Sitting at Rosa's dinner table, he took care to keep his tone even, his questions innocuous, his answers respectful. He helped Wynter with her English homework—he still remembered how to construct an argumentative essay, while Wynter was still learning the basics of formal education. She did, at least, understand the requirements of the first paragraph—"Define your terms"—per Jesse.

Rosa had put him in a guest room down the hall from Wynter. He called Bea, ever mindful to make her feel wanted and included. One month ago he'd been anticipating asking Bea to marry him, thinking Wynter would soon be on the other side of the planet. Wynter had done something—he was starting to suspect what that might've been—to change Miriam's mind, and now Caleb must split his time. He would still marry Bea in a heartbeat, but it had to be on his terms. His terms included Wynter. Bea had made it clear she had a strictly nuclear family in mind.

"Haven't you done enough cleaning up after your parents?" she'd said, after he told her he'd be petitioning for custody when he returned from his upcoming deployment.

Caleb had no children of his own but he'd do as much for his siblings as Bea would for her child. There was no "enough". He had sacrificed for Indio and Jesse. Now it was Wynter's turn.

He got ready to turn in and sat on the bed fiddling with his phone.

"No electronic devices after nine." Wynter was in the doorway, grinning. "It's the law."

"House rule number nineteen—knock before entering."

"This isn't your house."

"I think Rosa probably has the same rule."

"Your door was open. May I come in?"

He patted the edge of his bed and she perched on it.

"Can I ask you about something that happened in Eugene?" she said.

Caleb tossed aside his phone. "Sure."

"Could Indio go back to jail for hurting that man?"

"That man can't report the assault, hun. We have the evidence—those text messages—that he lured you there. He wouldn't bring that trouble on himself."

"Is he gonna trick someone else? Hurt someone else instead?"

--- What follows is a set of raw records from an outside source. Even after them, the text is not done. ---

text \<open>After length hs steps no type remains (each step
  removes at least one remaining type); remaining positions are then filled by merit.\<close>
definition Ch :: "'i set \<Rightarrow> 'i rel \<Rightarrow> 'h list \<Rightarrow> nat \<Rightarrow> 'i set \<Rightarrow> ('h \<Rightarrow> nat) \<Rightarrow> ('i \<Rightarrow> 'h set) \<Rightarrow> 'i set" where
  "Ch I R hs q A \<kappa> \<rho> =
     (if \<forall>i\<in>A. \<rho> i = {} then top R q A
      else (case (round I R \<rho> hs A ^^ length hs) (set hs, {}, q, \<kappa>) of
              (Rem, S, p, kap) \<Rightarrow> S \<union> top R p (A - S)))"

end

theory Submission
  imports Defs
begin

(* Both properties follow from C(A \<union> {j}) \<subseteq> C(A) \<union> {j} and |C(A)| \<le> |C(A \<union> {j})|.
   To see these, run the procedure on A and on A \<union> {j} side by side. Remaining positions and
   reservations are determined by the set chosen so far, so it suffices to compare the two chosen
   sets S and T. They stay coupled: either T = S \<union> {j}, or T = (S \<union> {j}) - {x} for a single
   displaced x, and then either all q positions are filled or x and j belong to exactly the same
   remaining types. Processing a type h that contains no other remaining type preserves this: by
   hierarchy every other remaining type contains h or is disjoint from it, so all members of h
   look alike to the remaining types, and taking the top candidates of h changes the coupling by
   at most one swap. The final fill by merit acts like one more type, containing everybody, with
   reservation q. *)

section \<open>Top candidates under a strict ranking\<close>

lemma top_subset: "top R k X \<subseteq> X"
  by (auto simp: top_def)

"I made an anonymous report to the local sheriff's office, with his licence plate so they can ID him. Maybe they'll do something, maybe not, but I don't want either of you involved further. Indio agreed to that." In fact, Caleb had been surprised when Indio admitted to the assault and asked for advice.

"Indio deserves a medal, but instead you're still angry at each other. I can tell. You played together at Patty's for me, but other than that you hardly said one word to each other."

"I'm grateful he stepped up when we needed him to. He knows that." There was also the small matter of the large sum of money his brother owed him, a silent source of friction between them.